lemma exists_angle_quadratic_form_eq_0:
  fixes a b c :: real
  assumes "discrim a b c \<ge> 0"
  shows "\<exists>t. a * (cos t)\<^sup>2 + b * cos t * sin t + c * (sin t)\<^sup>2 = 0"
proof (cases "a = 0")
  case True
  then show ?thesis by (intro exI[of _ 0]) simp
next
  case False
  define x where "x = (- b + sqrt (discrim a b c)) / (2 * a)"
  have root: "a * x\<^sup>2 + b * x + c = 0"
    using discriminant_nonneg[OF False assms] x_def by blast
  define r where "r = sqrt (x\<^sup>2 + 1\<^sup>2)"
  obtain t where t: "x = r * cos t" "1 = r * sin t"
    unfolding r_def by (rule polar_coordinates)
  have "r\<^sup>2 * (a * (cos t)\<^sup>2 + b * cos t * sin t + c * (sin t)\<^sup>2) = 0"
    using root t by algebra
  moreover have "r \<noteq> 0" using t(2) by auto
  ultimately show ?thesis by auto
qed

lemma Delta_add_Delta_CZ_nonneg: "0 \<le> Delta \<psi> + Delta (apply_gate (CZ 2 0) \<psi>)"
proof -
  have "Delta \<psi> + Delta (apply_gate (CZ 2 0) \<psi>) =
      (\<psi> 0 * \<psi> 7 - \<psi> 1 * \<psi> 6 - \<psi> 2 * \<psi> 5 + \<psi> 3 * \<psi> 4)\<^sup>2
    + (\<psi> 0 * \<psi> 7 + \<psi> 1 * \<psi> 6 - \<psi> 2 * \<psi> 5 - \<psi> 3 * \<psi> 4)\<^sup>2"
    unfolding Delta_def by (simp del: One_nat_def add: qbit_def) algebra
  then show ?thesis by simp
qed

# EXERCISE
Each line from the one containing "then show ?thesis by (intro" to the end of the listing above should be copied exactly, and nothing else.

# WRITTEN REPLY
  then show ?thesis by (intro exI[of _ 0]) simp
next
  case False
  define x where "x = (- b + sqrt (discrim a b c)) / (2 * a)"
  have root: "a * x\<^sup>2 + b * x + c = 0"
    using discriminant_nonneg[OF False assms] x_def by blast
  define r where "r = sqrt (x\<^sup>2 + 1\<^sup>2)"
  obtain t where t: "x = r * cos t" "1 = r * sin t"
    unfolding r_def by (rule polar_coordinates)
  have "r\<^sup>2 * (a * (cos t)\<^sup>2 + b * cos t * sin t + c * (sin t)\<^sup>2) = 0"
    using root t by algebra
  moreover have "r \<noteq> 0" using t(2) by auto
  ultimately show ?thesis by auto
qed

lemma Delta_add_Delta_CZ_nonneg: "0 \<le> Delta \<psi> + Delta (apply_gate (CZ 2 0) \<psi>)"
proof -
  have "Delta \<psi> + Delta (apply_gate (CZ 2 0) \<psi>) =
      (\<psi> 0 * \<psi> 7 - \<psi> 1 * \<psi> 6 - \<psi> 2 * \<psi> 5 + \<psi> 3 * \<psi> 4)\<^sup>2
    + (\<psi> 0 * \<psi> 7 + \<psi> 1 * \<psi> 6 - \<psi> 2 * \<psi> 5 - \<psi> 3 * \<psi> 4)\<^sup>2"
    unfolding Delta_def by (simp del: One_nat_def add: qbit_def) algebra
  then show ?thesis by simp
qed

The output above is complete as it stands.